● **TASK INSTRUCTIONS**
Among the lines below, restate word for word only those from the line with "e) \<le> (M * (s1" through the line with "pi * M * ((s1", with both end lines kept.

(Beginning of AVAILABLE DATA)

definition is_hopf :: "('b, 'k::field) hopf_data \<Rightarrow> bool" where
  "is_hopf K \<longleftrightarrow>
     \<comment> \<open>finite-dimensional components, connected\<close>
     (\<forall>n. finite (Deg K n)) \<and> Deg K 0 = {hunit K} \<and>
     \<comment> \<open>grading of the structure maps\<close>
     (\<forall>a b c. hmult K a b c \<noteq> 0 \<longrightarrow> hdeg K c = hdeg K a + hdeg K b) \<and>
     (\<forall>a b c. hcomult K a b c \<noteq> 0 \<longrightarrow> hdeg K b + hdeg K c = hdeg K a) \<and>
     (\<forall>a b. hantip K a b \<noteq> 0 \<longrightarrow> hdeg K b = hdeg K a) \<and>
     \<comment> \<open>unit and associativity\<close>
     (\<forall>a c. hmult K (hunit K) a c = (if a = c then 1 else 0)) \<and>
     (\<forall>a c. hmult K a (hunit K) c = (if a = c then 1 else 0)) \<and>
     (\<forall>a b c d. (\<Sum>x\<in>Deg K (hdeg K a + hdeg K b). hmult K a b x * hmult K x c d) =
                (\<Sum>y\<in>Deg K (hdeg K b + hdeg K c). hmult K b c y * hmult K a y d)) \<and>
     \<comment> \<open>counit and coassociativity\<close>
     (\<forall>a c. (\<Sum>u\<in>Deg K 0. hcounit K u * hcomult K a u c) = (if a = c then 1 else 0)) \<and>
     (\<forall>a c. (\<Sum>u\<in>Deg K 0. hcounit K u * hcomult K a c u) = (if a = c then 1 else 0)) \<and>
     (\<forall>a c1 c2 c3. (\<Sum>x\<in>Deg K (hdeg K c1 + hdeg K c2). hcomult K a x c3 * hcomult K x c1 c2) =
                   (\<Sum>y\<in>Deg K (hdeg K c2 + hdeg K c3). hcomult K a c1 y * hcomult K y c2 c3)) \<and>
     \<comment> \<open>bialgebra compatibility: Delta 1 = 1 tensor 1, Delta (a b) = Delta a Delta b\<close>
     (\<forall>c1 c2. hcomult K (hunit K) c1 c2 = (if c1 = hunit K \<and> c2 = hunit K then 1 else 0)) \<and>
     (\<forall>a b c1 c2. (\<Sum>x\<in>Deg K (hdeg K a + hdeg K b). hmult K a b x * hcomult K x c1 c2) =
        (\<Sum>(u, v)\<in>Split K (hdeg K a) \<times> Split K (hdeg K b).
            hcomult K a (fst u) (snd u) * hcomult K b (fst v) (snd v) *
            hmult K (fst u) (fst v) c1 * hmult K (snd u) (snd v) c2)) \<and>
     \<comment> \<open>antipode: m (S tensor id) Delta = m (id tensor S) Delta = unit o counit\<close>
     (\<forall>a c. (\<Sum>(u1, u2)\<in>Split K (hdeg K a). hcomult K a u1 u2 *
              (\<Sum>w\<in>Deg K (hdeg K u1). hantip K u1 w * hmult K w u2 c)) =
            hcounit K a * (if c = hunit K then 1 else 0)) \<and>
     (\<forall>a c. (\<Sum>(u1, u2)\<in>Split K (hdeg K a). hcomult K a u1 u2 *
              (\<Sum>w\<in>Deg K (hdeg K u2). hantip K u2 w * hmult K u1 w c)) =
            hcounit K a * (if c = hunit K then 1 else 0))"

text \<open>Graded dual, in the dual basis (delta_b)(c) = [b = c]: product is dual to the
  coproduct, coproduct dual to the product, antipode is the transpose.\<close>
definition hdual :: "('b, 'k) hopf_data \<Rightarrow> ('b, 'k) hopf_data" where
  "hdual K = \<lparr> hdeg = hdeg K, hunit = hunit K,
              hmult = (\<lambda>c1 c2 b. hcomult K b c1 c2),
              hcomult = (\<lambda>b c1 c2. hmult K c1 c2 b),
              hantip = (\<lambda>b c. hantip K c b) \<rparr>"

(End of AVAILABLE DATA)
(Beginning of AVAILABLE DATA)

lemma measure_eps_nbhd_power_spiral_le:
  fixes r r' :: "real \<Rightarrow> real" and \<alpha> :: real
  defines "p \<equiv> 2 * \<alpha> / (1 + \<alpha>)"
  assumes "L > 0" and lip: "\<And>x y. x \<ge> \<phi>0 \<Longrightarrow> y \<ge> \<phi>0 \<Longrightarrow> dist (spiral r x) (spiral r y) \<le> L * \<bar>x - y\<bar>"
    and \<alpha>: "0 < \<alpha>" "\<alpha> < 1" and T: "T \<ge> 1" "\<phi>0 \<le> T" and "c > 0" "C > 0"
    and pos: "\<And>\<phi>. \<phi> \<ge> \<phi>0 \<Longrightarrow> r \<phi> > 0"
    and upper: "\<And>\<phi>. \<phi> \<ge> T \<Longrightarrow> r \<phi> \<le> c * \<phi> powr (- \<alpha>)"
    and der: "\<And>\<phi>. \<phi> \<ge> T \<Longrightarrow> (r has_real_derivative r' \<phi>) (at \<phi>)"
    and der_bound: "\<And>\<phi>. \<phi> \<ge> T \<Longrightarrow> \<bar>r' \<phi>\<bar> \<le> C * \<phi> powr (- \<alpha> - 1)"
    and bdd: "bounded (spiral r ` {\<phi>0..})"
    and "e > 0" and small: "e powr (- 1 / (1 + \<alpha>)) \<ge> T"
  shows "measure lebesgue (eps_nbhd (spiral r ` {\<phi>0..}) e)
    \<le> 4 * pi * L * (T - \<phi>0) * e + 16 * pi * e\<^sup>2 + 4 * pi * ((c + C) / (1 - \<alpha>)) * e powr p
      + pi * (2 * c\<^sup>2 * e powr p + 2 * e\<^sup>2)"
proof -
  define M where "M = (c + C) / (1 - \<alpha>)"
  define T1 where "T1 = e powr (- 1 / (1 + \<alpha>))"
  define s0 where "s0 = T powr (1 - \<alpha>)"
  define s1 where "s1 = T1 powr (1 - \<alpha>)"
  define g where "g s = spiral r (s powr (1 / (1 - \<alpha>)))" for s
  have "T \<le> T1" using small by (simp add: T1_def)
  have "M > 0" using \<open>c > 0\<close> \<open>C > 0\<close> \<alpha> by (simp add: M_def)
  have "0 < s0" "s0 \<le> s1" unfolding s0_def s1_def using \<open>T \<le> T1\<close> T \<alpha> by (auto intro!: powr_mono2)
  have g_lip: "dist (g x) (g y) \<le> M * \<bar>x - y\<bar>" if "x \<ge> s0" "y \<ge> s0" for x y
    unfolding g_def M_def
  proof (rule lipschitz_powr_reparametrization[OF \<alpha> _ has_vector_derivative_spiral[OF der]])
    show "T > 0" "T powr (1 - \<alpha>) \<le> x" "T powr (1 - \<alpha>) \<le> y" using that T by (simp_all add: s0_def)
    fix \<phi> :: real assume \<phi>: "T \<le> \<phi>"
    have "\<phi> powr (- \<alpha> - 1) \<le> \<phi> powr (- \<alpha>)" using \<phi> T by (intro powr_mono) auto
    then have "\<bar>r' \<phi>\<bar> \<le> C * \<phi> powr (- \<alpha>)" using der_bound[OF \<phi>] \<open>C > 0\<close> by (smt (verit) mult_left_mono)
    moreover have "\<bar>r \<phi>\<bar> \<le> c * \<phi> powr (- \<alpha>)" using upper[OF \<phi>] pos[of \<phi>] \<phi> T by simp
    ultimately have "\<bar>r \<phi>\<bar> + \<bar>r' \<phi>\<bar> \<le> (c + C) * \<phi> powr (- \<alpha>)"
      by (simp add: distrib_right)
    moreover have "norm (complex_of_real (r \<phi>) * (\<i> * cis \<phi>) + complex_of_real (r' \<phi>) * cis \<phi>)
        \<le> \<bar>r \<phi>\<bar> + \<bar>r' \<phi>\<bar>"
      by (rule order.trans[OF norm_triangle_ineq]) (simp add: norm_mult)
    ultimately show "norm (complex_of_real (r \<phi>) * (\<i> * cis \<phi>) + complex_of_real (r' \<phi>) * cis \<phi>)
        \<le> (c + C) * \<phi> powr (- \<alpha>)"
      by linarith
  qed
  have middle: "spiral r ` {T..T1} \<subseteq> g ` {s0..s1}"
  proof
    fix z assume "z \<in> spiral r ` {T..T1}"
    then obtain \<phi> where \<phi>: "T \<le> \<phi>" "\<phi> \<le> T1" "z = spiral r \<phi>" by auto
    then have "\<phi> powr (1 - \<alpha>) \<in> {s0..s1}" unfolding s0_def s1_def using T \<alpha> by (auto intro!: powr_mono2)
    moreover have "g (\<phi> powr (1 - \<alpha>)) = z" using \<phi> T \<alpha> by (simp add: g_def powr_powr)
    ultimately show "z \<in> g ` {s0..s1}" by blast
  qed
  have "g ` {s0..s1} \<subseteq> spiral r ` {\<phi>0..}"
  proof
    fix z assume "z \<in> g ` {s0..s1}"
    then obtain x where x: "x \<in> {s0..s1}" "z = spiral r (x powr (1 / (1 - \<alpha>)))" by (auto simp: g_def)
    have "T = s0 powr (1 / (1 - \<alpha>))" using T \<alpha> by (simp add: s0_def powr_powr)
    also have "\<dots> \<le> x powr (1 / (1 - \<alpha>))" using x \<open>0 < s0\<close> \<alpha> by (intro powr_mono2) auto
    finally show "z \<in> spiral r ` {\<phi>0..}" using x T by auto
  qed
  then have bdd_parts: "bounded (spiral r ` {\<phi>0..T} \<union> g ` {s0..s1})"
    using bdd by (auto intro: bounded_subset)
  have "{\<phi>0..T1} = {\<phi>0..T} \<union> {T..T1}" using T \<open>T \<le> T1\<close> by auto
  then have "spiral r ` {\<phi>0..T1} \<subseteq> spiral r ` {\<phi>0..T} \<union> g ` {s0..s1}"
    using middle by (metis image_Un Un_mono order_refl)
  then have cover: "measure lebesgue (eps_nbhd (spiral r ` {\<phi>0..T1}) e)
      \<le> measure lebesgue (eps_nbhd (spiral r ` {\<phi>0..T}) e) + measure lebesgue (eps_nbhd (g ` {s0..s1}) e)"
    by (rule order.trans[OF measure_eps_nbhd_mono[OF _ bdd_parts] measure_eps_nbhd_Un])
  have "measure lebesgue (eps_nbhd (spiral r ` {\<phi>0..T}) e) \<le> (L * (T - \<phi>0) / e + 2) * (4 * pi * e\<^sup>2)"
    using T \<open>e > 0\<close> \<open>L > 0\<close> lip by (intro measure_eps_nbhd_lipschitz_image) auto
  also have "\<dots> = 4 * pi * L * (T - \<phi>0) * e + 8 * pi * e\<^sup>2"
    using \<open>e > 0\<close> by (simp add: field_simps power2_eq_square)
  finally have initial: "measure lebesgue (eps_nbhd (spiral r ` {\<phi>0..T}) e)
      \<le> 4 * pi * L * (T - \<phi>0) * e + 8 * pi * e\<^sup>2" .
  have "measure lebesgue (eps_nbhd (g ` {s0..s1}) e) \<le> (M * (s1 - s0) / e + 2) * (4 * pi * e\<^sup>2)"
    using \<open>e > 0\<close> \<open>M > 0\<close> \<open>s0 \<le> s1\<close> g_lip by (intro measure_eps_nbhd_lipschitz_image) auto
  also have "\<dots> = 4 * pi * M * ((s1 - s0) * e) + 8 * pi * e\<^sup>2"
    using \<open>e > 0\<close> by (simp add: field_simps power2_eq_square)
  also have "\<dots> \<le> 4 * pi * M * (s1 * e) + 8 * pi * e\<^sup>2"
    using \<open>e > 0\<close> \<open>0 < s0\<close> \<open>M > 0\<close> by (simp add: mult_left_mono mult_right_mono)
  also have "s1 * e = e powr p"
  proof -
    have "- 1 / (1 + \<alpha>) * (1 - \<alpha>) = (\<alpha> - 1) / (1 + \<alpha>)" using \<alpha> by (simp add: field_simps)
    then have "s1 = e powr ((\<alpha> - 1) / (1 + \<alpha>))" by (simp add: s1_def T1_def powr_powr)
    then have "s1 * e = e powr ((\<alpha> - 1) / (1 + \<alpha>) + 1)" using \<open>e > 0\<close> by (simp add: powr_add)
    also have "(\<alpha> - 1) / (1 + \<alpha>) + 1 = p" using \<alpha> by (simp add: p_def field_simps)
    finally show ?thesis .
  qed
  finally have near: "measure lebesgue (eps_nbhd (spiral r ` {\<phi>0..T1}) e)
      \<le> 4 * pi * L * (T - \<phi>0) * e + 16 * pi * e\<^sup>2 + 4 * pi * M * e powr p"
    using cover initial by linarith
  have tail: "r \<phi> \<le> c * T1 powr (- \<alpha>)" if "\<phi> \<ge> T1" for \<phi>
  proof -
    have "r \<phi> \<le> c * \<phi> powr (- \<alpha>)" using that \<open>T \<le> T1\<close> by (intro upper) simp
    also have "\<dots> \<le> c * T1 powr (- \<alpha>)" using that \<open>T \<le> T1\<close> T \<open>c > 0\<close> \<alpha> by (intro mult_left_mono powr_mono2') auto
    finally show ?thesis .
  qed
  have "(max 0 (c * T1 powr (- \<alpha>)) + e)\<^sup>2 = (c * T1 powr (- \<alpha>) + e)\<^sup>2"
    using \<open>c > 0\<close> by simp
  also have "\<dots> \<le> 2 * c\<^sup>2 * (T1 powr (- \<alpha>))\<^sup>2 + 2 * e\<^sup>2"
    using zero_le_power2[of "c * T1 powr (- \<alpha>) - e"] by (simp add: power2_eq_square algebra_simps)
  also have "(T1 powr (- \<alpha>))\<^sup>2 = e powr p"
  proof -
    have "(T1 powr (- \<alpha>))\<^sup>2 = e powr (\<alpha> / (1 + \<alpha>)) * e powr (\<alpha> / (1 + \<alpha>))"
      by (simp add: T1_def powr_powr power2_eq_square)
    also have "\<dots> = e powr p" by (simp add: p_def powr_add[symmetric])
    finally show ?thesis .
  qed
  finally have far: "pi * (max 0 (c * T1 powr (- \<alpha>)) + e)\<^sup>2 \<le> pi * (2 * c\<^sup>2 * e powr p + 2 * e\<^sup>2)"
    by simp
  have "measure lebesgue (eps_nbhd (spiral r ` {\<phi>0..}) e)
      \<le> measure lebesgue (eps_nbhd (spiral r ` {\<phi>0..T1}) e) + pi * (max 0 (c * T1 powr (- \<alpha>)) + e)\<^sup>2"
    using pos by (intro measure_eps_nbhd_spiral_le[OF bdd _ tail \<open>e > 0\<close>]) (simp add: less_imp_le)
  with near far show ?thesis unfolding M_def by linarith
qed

(End of AVAILABLE DATA)

● **EXPECTED ANSWER**
  have "measure lebesgue (eps_nbhd (g ` {s0..s1}) e) \<le> (M * (s1 - s0) / e + 2) * (4 * pi * e\<^sup>2)"
    using \<open>e > 0\<close> \<open>M > 0\<close> \<open>s0 \<le> s1\<close> g_lip by (intro measure_eps_nbhd_lipschitz_image) auto
  also have "\<dots> = 4 * pi * M * ((s1 - s0) * e) + 8 * pi * e\<^sup>2"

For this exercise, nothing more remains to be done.